Produce an exact copy of the first line of the data below and each line after it, please, up to and including the one with "- \<theta>h) /".

Records from a collection:
◇ ◇ ◇

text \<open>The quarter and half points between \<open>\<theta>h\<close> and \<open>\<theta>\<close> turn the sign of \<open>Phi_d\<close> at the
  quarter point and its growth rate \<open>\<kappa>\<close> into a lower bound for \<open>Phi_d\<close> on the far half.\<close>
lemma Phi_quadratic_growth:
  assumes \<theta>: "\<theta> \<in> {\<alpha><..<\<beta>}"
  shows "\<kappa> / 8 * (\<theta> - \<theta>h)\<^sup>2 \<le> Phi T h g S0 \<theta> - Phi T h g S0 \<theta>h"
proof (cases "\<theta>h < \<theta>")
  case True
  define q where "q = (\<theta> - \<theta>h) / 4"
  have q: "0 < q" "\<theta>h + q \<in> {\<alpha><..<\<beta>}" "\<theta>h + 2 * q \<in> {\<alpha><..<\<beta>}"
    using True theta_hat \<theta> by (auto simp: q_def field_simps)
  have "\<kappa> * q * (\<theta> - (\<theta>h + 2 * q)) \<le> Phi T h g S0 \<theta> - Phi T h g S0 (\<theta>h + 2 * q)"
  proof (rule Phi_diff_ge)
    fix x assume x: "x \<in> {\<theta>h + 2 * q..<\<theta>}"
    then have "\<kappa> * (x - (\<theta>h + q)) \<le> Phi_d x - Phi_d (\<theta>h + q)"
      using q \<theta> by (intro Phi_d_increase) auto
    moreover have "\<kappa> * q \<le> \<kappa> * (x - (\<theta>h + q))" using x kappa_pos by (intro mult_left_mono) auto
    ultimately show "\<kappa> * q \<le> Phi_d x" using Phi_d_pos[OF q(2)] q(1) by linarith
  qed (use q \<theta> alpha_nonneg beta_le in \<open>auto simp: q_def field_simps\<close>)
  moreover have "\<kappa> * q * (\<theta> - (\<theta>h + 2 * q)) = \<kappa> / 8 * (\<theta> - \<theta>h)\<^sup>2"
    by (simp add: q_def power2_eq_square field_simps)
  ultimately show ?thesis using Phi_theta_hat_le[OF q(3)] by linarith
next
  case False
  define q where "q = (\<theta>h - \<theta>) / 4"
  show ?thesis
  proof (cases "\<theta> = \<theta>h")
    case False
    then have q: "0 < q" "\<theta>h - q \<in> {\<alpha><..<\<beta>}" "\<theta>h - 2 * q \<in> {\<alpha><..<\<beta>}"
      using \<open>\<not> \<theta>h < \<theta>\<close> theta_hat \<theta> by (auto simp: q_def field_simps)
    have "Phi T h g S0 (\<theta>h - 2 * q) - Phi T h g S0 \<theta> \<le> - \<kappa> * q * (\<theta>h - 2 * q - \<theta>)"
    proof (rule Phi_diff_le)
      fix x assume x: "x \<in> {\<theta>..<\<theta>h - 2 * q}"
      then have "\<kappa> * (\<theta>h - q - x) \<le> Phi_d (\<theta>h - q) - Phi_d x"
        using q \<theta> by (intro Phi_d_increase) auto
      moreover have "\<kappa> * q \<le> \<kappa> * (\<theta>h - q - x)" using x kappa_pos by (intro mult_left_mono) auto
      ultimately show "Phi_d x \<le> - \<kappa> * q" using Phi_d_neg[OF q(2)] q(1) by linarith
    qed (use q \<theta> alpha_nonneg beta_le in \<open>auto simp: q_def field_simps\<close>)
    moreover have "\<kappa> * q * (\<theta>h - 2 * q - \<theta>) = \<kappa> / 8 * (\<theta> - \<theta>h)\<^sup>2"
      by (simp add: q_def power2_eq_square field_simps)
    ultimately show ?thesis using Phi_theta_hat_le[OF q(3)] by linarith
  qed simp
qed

◇ ◇ ◇

RESULT OF THIS EXERCISE>
text \<open>The quarter and half points between \<open>\<theta>h\<close> and \<open>\<theta>\<close> turn the sign of \<open>Phi_d\<close> at the
  quarter point and its growth rate \<open>\<kappa>\<close> into a lower bound for \<open>Phi_d\<close> on the far half.\<close>
lemma Phi_quadratic_growth:
  assumes \<theta>: "\<theta> \<in> {\<alpha><..<\<beta>}"
  shows "\<kappa> / 8 * (\<theta> - \<theta>h)\<^sup>2 \<le> Phi T h g S0 \<theta> - Phi T h g S0 \<theta>h"
proof (cases "\<theta>h < \<theta>")
  case True
  define q where "q = (\<theta> - \<theta>h) / 4"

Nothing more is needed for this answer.